Transcription of the full listing is required, character for character.

___ DATA EXTRACTS

lemma inverse_one_minus_kap_le: "1 / (1 - kap m a l) \<le> (m\<^sup>2 / 2 + 2) * jb (1 / (a\<^sup>2 * l))"
proof -
  have "K * (K + 1) \<le> 2 * K\<^sup>2"
    using K_gt_1 by (simp add: power2_eq_square algebra_simps)
  then have "K * (K + 1) * m\<^sup>2 / (4 * t) \<le> 2 * K\<^sup>2 * m\<^sup>2 / (4 * t)"
    using m_pos t_pos by (intro divide_right_mono mult_right_mono) auto
  also have "\<dots> = m\<^sup>2 / 2 * (1 / t) + 2"
    unfolding K_sq using m_pos t_pos by (simp add: field_simps)
  also have "\<dots> \<le> m\<^sup>2 / 2 * jb (1 / t) + 2 * jb (1 / t)"
    using abs_le_jb[of "1 / t"] one_le_jb[of "1 / t"] t_pos by (intro add_mono mult_left_mono) auto
  finally show ?thesis
    unfolding inverse_one_minus_kap_eq jb_inverse_eq by (simp add: algebra_simps)
qed

lemma inverse_one_minus_kap_ge: "jb (1 / (a\<^sup>2 * l)) \<le> (2 + 4 / m\<^sup>2) * (1 / (1 - kap m a l))"
proof -
  define Q where "Q = 1 / (1 - kap m a l)"
  have "1 \<le> Q"
    unfolding Q_def kap_eq using K_gt_1 by (simp add: field_simps)
  have "2 \<le> K * (K + 1)"
    using K_gt_1 mult_mono[of 1 K 2 "K + 1"] by simp
  then have "2 * m\<^sup>2 / (4 * t) \<le> Q"
    unfolding Q_def inverse_one_minus_kap_eq using m_pos t_pos
    by (intro divide_right_mono mult_right_mono) auto
  have "jb (1 / t) \<le> 2 * max 1 (1 / t)"
    using jb_le_max[of "1 / t"] t_pos by simp
  also have "\<dots> \<le> 2 + 4 / m\<^sup>2 * (2 * m\<^sup>2 / (4 * t))"
    using m_pos t_pos by (simp add: max_def)
  also have "\<dots> \<le> 2 * Q + 4 / m\<^sup>2 * Q"
    using \<open>1 \<le> Q\<close> \<open>2 * m\<^sup>2 / (4 * t) \<le> Q\<close> m_pos by (intro add_mono mult_left_mono) auto
  finally show ?thesis
    unfolding jb_inverse_eq Q_def by (simp add: algebra_simps)
qed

______

• _SOLVED EXERCISE_
lemma inverse_one_minus_kap_le: "1 / (1 - kap m a l) \<le> (m\<^sup>2 / 2 + 2) * jb (1 / (a\<^sup>2 * l))"
proof -
  have "K * (K + 1) \<le> 2 * K\<^sup>2"
    using K_gt_1 by (simp add: power2_eq_square algebra_simps)
  then have "K * (K + 1) * m\<^sup>2 / (4 * t) \<le> 2 * K\<^sup>2 * m\<^sup>2 / (4 * t)"
    using m_pos t_pos by (intro divide_right_mono mult_right_mono) auto
  also have "\<dots> = m\<^sup>2 / 2 * (1 / t) + 2"
    unfolding K_sq using m_pos t_pos by (simp add: field_simps)
  also have "\<dots> \<le> m\<^sup>2 / 2 * jb (1 / t) + 2 * jb (1 / t)"
    using abs_le_jb[of "1 / t"] one_le_jb[of "1 / t"] t_pos by (intro add_mono mult_left_mono) auto
  finally show ?thesis
    unfolding inverse_one_minus_kap_eq jb_inverse_eq by (simp add: algebra_simps)
qed

lemma inverse_one_minus_kap_ge: "jb (1 / (a\<^sup>2 * l)) \<le> (2 + 4 / m\<^sup>2) * (1 / (1 - kap m a l))"
proof -
  define Q where "Q = 1 / (1 - kap m a l)"
  have "1 \<le> Q"
    unfolding Q_def kap_eq using K_gt_1 by (simp add: field_simps)
  have "2 \<le> K * (K + 1)"
    using K_gt_1 mult_mono[of 1 K 2 "K + 1"] by simp
  then have "2 * m\<^sup>2 / (4 * t) \<le> Q"
    unfolding Q_def inverse_one_minus_kap_eq using m_pos t_pos
    by (intro divide_right_mono mult_right_mono) auto
  have "jb (1 / t) \<le> 2 * max 1 (1 / t)"
    using jb_le_max[of "1 / t"] t_pos by simp
  also have "\<dots> \<le> 2 + 4 / m\<^sup>2 * (2 * m\<^sup>2 / (4 * t))"
    using m_pos t_pos by (simp add: max_def)
  also have "\<dots> \<le> 2 * Q + 4 / m\<^sup>2 * Q"
    using \<open>1 \<le> Q\<close> \<open>2 * m\<^sup>2 / (4 * t) \<le> Q\<close> m_pos by (intro add_mono mult_left_mono) auto
  finally show ?thesis
    unfolding jb_inverse_eq Q_def by (simp add: algebra_simps)
qed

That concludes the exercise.